Noutras latitudes do continente das oportunidades, os abençoados índios que sabiam das riquezas e das possibilidades de uma vida digna, não foram tidos nem achados, pelos americanos nem pelos franceses, no simbolismo daquela estátua. A sua história apenas viria a constar nos filmes de cowboys numa terra roubada ao México lá na longínqua Califórnia uns anos mais tarde. Porém, alguém foi sensível a uma parte importante da história. Um pedido foi feito a Bartholdi. Tinha que esconder algo, disseram-lhe. O escultor havia pendurado no mesmo braço que carregava a tábua, uma longa corrente com um grilhão partido. O símbolo da libertação do povo negro, levado como escravo para a terra das oportunidades, por sua vez roubada aos Índios. Aquela terra afinal albergava milhões de seres humanos submetidos a uma das leis mais abomináveis da história humana – a Escravatura.

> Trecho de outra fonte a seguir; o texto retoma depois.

(* Let $G$ be a finite group, $n = \exp(G)$, and $\sigma \in \mathrm{Gal}(\mathbb{Q}_n:\mathbb{Q})$. Suppose $\sigma$ fixes all but $4$ irreducible characters of $G$ and has exactly two orbits of size $2$ on $\mathrm{Irr}(G)$, so that the characters not fixed by $\sigma$ are $X = \{\chi_1, \sigma\chi_1, \chi_2, \sigma\chi_2\}$. If $x \in G$ represents a conjugacy class not fixed by $\sigma$, then $$|C_G(x)| = |\chi_1(x) - \sigma\chi_1(x)|^2 + |\chi_2(x) - \sigma\chi_2(x)|^2.$$
   Context: $\exp(G)$ is the exponent of $G$; $\mathbb{Q}_n=\mathbb{Q}(\zeta)$ with $\zeta$ a primitive $n$-th root of unity. For $\sigma\in\mathrm{Gal}(\mathbb{Q}_n:\mathbb{Q})$ with $\sigma(\zeta)=\zeta^{r}$ ($r$ coprime to $n$), $\sigma$ acts on $\mathrm{Irr}(G)$ (complex irreducible characters) by $(\sigma\chi)(g)=\sigma(\chi(g))$ and on conjugacy classes by $\sigma\cdot x^G=(x^{r})^G$; then $(\sigma\chi)(x)=\chi(\sigma\cdot x)$. *)

theory Defs
  imports "HOL-Algebra.Group" "Jordan_Normal_Form.Matrix" "HOL-Computational_Algebra.Polynomial"
begin

definition group_exponent :: "('a, 'b) monoid_scheme \<Rightarrow> nat" where
  "group_exponent G = (LEAST n. 0 < n \<and> (\<forall>x\<in>carrier G. x [^]\<^bsub>G\<^esub> n = \<one>\<^bsub>G\<^esub>))"

definition prim_root :: "nat \<Rightarrow> complex" where
  "prim_root n = cis (2 * pi / real n)"

definition cyclotomic_field :: "nat \<Rightarrow> complex set" where
  "cyclotomic_field n = {poly p (prim_root n) | p. \<forall>i. coeff p i \<in> \<rat>}"

(* sigma is an element of Gal(Q_n : Q), i.e. a field automorphism of Q_n
   (it then automatically fixes Q); values outside Q_n are irrelevant *)
definition is_galois_auto :: "nat \<Rightarrow> (complex \<Rightarrow> complex) \<Rightarrow> bool" where
  "is_galois_auto n \<sigma> \<longleftrightarrow>
     bij_betw \<sigma> (cyclotomic_field n) (cyclotomic_field n) \<and>
     (\<forall>a\<in>cyclotomic_field n. \<forall>b\<in>cyclotomic_field n.
        \<sigma> (a + b) = \<sigma> a + \<sigma> b \<and> \<sigma> (a * b) = \<sigma> a * \<sigma> b) \<and>
     \<sigma> 1 = 1"

definition mat_trace :: "complex mat \<Rightarrow> complex" where
  "mat_trace A = (\<Sum>i<dim_row A. A $$ (i, i))"

definition is_rep :: "('a, 'b) monoid_scheme \<Rightarrow> nat \<Rightarrow> ('a \<Rightarrow> complex mat) \<Rightarrow> bool" where
  "is_rep G d \<rho> \<longleftrightarrow>
     (\<forall>g\<in>carrier G. \<rho> g \<in> carrier_mat d d) \<and>
     \<rho> \<one>\<^bsub>G\<^esub> = 1\<^sub>m d \<and>
     (\<forall>g\<in>carrier G. \<forall>h\<in>carrier G. \<rho> (g \<otimes>\<^bsub>G\<^esub> h) = \<rho> g * \<rho> h)"

definition is_subspace :: "nat \<Rightarrow> complex vec set \<Rightarrow> bool" where
  "is_subspace d W \<longleftrightarrow> W \<subseteq> carrier_vec d \<and> 0\<^sub>v d \<in> W \<and>
     (\<forall>v\<in>W. \<forall>w\<in>W. v + w \<in> W) \<and> (\<forall>c. \<forall>v\<in>W. c \<cdot>\<^sub>v v \<in> W)"

definition is_irred_rep :: "('a, 'b) monoid_scheme \<Rightarrow> nat \<Rightarrow> ('a \<Rightarrow> complex mat) \<Rightarrow> bool" where
  "is_irred_rep G d \<rho> \<longleftrightarrow> is_rep G d \<rho> \<and> 0 < d \<and>
     (\<forall>W. is_subspace d W \<and> (\<forall>g\<in>carrier G. \<forall>w\<in>W. \<rho> g *\<^sub>v w \<in> W)
          \<longrightarrow> W = {0\<^sub>v d} \<or> W = carrier_vec d)"

definition character :: "('a, 'b) monoid_scheme \<Rightarrow> ('a \<Rightarrow> complex mat) \<Rightarrow> 'a \<Rightarrow> complex" where
  "character G \<rho> = (\<lambda>g. if g \<in> carrier G then mat_trace (\<rho> g) else 0)"

definition Irr :: "('a, 'b) monoid_scheme \<Rightarrow> ('a \<Rightarrow> complex) set" where
  "Irr G = {character G \<rho> | \<rho> d. is_irred_rep G d \<rho>}"

definition gal_act :: "('a, 'b) monoid_scheme \<Rightarrow> (complex \<Rightarrow> complex) \<Rightarrow> ('a \<Rightarrow> complex) \<Rightarrow> 'a \<Rightarrow> complex" where
  "gal_act G \<sigma> \<chi> = (\<lambda>g. if g \<in> carrier G then \<sigma> (\<chi> g) else 0)"

definition conj_class :: "('a, 'b) monoid_scheme \<Rightarrow> 'a \<Rightarrow> 'a set" where
  "conj_class G x = {g \<otimes>\<^bsub>G\<^esub> x \<otimes>\<^bsub>G\<^esub> inv\<^bsub>G\<^esub> g | g. g \<in> carrier G}"

definition centralizer :: "('a, 'b) monoid_scheme \<Rightarrow> 'a \<Rightarrow> 'a set" where
  "centralizer G x = {g \<in> carrier G. g \<otimes>\<^bsub>G\<^esub> x = x \<otimes>\<^bsub>G\<^esub> g}"

end

theory Submission
  imports Defs "Jordan_Normal_Form.Spectral_Radius" "HOL-Algebra.Group_Action"
    "HOL-Algebra.Multiplicative_Group"
begin

(* The eigenvalues of rho(x) are n-th roots of unity, so sigma acts on character values by
   raising them to the r-th power: (sigma chi)(x) = chi(y) with y = x^r. Irreducible characters
   also satisfy chi(x^-1) = cnj (chi x). Hence every sigma-fixed irreducible character takes the
   same value at x and y, and the second orthogonality relation
     sum over chi in Irr(G) of chi(x) * cnj (chi(x) - chi(y)) = |C_G(x)|
   (y is not conjugate to x) only involves the four characters that sigma moves. Since sigma
   swaps chi_i and sigma chi_i, their contributions pair up into |chi_i(x) - sigma chi_i(x)|^2.

   The orthogonality relation is obtained without a finite character table: a suitable
   combination of the class indicators of x and y and the characters moved by sigma is
   orthogonal to all irreducible characters, hence zero by completeness. Completeness and the
   first orthogonality relations are proved from Schur's lemma, using the regular
   representation and the fact that characters of reducible representations split. *)

lemma sum_lessThan_split:
  fixes f :: "nat \<Rightarrow> 'a::comm_monoid_add" and k d :: nat
  assumes "k \<le> d"
  shows "(\<Sum>l<d. f l) = (\<Sum>l<k. f l) + (\<Sum>l<d - k. f (l + k))"
  using assms sum.atLeastLessThan_concat[of 0 k d f] sum.shift_bounds_nat_ivl[of f 0 k "d - k"]
  by (simp add: lessThan_atLeast0)

lemma index_mult_mat_sum:
  assumes "A \<in> carrier_mat n m" "B \<in> carrier_mat m p" "i < n" "j < p"
  shows "(A * B) $$ (i,j) = (\<Sum>l<m. A $$ (i,l) * B $$ (l,j))"
  using assms by (simp add: scalar_prod_def lessThan_atLeast0)

lemma mat_trace_mult_comm:
  assumes A: "A \<in> carrier_mat n m" and B: "B \<in> carrier_mat m n"
  shows "mat_trace (A * B) = mat_trace (B * A)"
proof -
  have "mat_trace (A * B) = (\<Sum>i<n. \<Sum>k<m. A $$ (i,k) * B $$ (k,i))"
    unfolding mat_trace_def using A B
    by (intro sum.cong refl) (auto simp: scalar_prod_def lessThan_atLeast0)
  also have "\<dots> = (\<Sum>k<m. \<Sum>i<n. B $$ (k,i) * A $$ (i,k))"
    by (subst sum.swap) (simp add: mult.commute)
  also have "\<dots> = mat_trace (B * A)"
    unfolding mat_trace_def using A B
    by (intro sum.cong refl) (auto simp: scalar_prod_def lessThan_atLeast0)
  finally show ?thesis .
qed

O final da Escravatura apenas acontece no final da guerra civil com Abraham Lincoln, duzentos e quarenta anos passados de submissão de milhares de corpos e gerações sem pátria. A Liberdade estava representada na corrente partida. Bartholdi não gostou do pedido de retirar o grilhão do braço da estátua, no entanto a política obrigou-o. Num golpe pensado, com um gesto de arte marcou a sua posição. A estátua foi inaugurada a 4 de Julho de 1884. Foi montada por partes e Bartholdi ganhou. Pisado pelo pé esquerdo inspirado na deusa romana Libertas, com noventa e três metros de altura, uma corrente e um grilhão partido, mostram-se.

A história foi escondida. Bartholdi mostrou-a. Dizem as línguas de outras férteis imaginações, que a estátua inicial pensada pelo escultor representava uma mulher preta. Por mais que tentem, sempre que querem esconder, tapar e retirar a Liberdade, vem sempre o espírito humano, artístico, nobre, indomável, dar-lhe visão. No final, a Liberdade vence sempre.

A História conta-nos também esta versão.

Pensem na História dos Índios, dos Africanos, dos Aborígenes. Como podemos hoje falar de medo de Imigrantes se todos somos e um dia fomos?

Apaga-se a História? 

Um dia ela rompe um grilhão debaixo de um pé.